## Your goal:
Wherever a line in the material contains the word "False", copy that line.

## Material shown:
text \<open>Each z \<in> X joins the side containing one of its torso neighbours; since N(z) is a
  torso clique, all its torso neighbours outside the separator lie on the same side.\<close>
lemma separation_lift_elimination:
  assumes g: "graph V E" and X: "X \<subseteq> V" "independent E X"
    and s: "separation (V - X) (elimination V E X) A' B'"
  obtains A B where "separation V E A B" "A \<inter> B = A' \<inter> B'" "A' - B' \<subseteq> A - B" "B' - A' \<subseteq> B - A"
proof -
  define XA where "XA = {z\<in>X. \<exists>r\<in>A' - B'. E z r}"
  define A where "A = A' \<union> XA"
  define B where "B = B' \<union> (X - XA)"
  have AB': "A' \<union> B' = V - X"
    and noT: "\<And>p q. p \<in> A' - B' \<Longrightarrow> q \<in> B' - A' \<Longrightarrow> \<not> elimination V E X p q"
    using s unfolding separation_def by auto
  have XA: "XA \<subseteq> X" unfolding XA_def by blast
  have "\<not> E p q" if p: "p \<in> A - B" and q: "q \<in> B - A" for p q
  proof
    assume e: "E p q"
    have "q \<notin> X - XA"
    proof
      assume qX: "q \<in> X - XA"
      then have "p \<notin> X" using e X(2) unfolding independent_def by blast
      then have "p \<in> A' - B'" using p XA unfolding A_def B_def by blast
      then show False using qX e graph_symD[OF g] unfolding XA_def by blast
    qed
    then have q': "q \<in> B' - A'" using q unfolding A_def B_def by blast
    show False
    proof (cases "p \<in> XA")
      case True
      then obtain r where r: "r \<in> A' - B'" "E p r" "p \<in> X" unfolding XA_def by blast
      then have "elimination V E X r q" using q' e AB' unfolding elimination_def by auto
      then show False using noT r q' by blast
    next
      case False
      then have "p \<in> A' - B'" using p unfolding A_def B_def by blast
      then have "elimination V E X p q" using q' e AB' unfolding elimination_def by auto
      then show False using noT \<open>p \<in> A' - B'\<close> q' by blast
    qed
  qed
  moreover have "A \<union> B = V" using AB' X(1) XA unfolding A_def B_def by blast
  moreover have "A \<inter> B = A' \<inter> B'" using AB' XA unfolding A_def B_def by blast
  moreover have "A' - B' \<subseteq> A - B" "B' - A' \<subseteq> B - A" using AB' XA unfolding A_def B_def by blast+
  ultimately show ?thesis using that unfolding separation_def by blast
qed
definition Ptil :: "('h1::chilbert_space \<Rightarrow> 'h2::chilbert_space \<Rightarrow> 'h::chilbert_space) \<Rightarrow> nat \<Rightarrow>
    (nat \<Rightarrow> 'h2) \<Rightarrow> (nat \<Rightarrow> 'h2) \<Rightarrow> 'h \<Rightarrow> 'h" where
  "Ptil tens n y u x = (\<Sum>i<n. tens (pinner2 tens x (y i)) (u i))"

definition Pu :: "('h1::chilbert_space \<Rightarrow> 'h2::chilbert_space \<Rightarrow> 'h::chilbert_space) \<Rightarrow> nat \<Rightarrow>
    (nat \<Rightarrow> 'h2) \<Rightarrow> (nat \<Rightarrow> 'h2) \<Rightarrow> 'h \<Rightarrow> 'h" where
  "Pu tens n y u x = x - Ptil tens n y u x"

end

theory Submission
  imports Defs
begin

(* The solution x of the unperturbed problem satisfies the constraints: all partial inner products
   <x, y_i>_2' vanish, because k and y are biorthogonal. Then the correction term Ptil with respect
   to ANY family k' annihilates x, so x is a fixed point of z |-> phi + A (Pu_k' z) for every k'.
   As Pu_k' depends Lipschitz-continuously on k', A Pu_k' is still a contraction for k' close to k,
   and its Neumann series converges to its unique fixed point, which is x.
   The partial inner product is well defined by the Riesz representation theorem, obtained here
   from the point of minimal norm on a closed affine hyperplane. *)

section \<open>Complex inner product spaces\<close>

interpretation complex_vector: vector_space "scaleC :: complex \<Rightarrow> 'a \<Rightarrow> 'a::complex_vector"
  by unfold_locales (simp_all add: scaleC_add_right scaleC_add_left scaleC_scaleC scaleC_one)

## Response area:
      then show False using qX e graph_symD[OF g] unfolding XA_def by blast
    show False
      then show False using noT r q' by blast
      case False
      then show False using noT \<open>p \<in> A' - B'\<close> q' by blast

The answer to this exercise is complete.